Scan the entries below for the word "simp", then copy each line that holds it.

Recorded data:
────────────────────

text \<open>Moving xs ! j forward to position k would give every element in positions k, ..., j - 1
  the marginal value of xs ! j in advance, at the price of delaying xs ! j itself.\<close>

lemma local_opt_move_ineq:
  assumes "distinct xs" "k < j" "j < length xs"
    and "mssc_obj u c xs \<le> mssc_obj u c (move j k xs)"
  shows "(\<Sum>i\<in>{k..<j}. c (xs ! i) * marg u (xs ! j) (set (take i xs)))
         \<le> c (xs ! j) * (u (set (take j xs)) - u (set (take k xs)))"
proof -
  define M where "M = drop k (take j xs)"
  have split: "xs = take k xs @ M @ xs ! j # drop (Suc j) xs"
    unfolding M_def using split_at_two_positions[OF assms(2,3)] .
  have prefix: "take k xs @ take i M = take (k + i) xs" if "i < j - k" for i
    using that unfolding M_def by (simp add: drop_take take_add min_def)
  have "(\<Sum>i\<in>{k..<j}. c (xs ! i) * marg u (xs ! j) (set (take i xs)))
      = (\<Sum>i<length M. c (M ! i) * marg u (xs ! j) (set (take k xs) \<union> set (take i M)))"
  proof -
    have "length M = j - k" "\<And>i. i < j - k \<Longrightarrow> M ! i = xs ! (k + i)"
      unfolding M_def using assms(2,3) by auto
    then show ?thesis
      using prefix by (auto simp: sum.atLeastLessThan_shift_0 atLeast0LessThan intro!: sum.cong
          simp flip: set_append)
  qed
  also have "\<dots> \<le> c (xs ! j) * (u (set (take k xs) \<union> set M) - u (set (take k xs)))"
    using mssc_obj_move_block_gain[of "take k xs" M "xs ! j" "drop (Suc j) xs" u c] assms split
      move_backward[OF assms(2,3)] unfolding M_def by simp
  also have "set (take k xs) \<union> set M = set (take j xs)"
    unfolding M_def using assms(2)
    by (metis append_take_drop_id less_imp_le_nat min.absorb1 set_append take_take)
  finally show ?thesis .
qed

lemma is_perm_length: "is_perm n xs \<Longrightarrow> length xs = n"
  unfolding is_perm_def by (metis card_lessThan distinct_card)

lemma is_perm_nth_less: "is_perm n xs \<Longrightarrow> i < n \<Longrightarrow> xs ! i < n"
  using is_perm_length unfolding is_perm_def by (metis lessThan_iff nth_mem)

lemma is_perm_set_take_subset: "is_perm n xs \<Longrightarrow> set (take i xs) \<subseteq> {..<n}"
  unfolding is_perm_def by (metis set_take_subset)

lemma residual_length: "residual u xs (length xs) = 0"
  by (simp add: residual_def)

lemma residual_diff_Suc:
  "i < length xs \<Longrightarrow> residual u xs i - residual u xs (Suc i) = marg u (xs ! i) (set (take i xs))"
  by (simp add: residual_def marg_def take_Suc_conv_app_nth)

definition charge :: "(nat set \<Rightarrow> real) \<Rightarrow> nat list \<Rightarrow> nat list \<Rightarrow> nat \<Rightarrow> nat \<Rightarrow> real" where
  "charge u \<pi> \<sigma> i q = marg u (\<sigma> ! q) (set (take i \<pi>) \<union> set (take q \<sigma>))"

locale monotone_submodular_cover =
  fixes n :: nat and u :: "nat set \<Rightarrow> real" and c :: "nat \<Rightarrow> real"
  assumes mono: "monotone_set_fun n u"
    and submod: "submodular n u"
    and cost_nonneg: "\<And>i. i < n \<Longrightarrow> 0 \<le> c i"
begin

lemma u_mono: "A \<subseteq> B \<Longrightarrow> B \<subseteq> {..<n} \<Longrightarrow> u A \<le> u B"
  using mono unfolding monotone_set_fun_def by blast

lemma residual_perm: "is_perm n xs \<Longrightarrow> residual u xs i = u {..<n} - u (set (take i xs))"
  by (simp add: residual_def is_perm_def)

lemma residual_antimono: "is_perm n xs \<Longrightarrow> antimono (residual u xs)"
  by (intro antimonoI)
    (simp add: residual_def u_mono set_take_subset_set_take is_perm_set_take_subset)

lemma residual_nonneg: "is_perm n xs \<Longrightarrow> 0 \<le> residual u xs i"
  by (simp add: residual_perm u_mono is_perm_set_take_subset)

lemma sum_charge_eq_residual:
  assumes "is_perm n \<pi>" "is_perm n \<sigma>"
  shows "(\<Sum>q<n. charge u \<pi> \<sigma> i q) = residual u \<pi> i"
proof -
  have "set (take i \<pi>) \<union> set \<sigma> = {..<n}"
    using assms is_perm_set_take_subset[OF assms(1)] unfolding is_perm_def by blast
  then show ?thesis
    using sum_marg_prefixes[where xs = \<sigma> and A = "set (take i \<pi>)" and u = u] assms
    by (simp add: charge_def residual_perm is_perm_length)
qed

────────────────────

- _Response to this exercise_
    using that unfolding M_def by (simp add: drop_take take_add min_def)
      using prefix by (auto simp: sum.atLeastLessThan_shift_0 atLeast0LessThan intro!: sum.cong
          simp flip: set_append)
      move_backward[OF assms(2,3)] unfolding M_def by simp
  by (simp add: residual_def)
  by (simp add: residual_def marg_def take_Suc_conv_app_nth)
  by (simp add: residual_def is_perm_def)
    (simp add: residual_def u_mono set_take_subset_set_take is_perm_set_take_subset)
  by (simp add: residual_perm u_mono is_perm_set_take_subset)
    by (simp add: charge_def residual_perm is_perm_length)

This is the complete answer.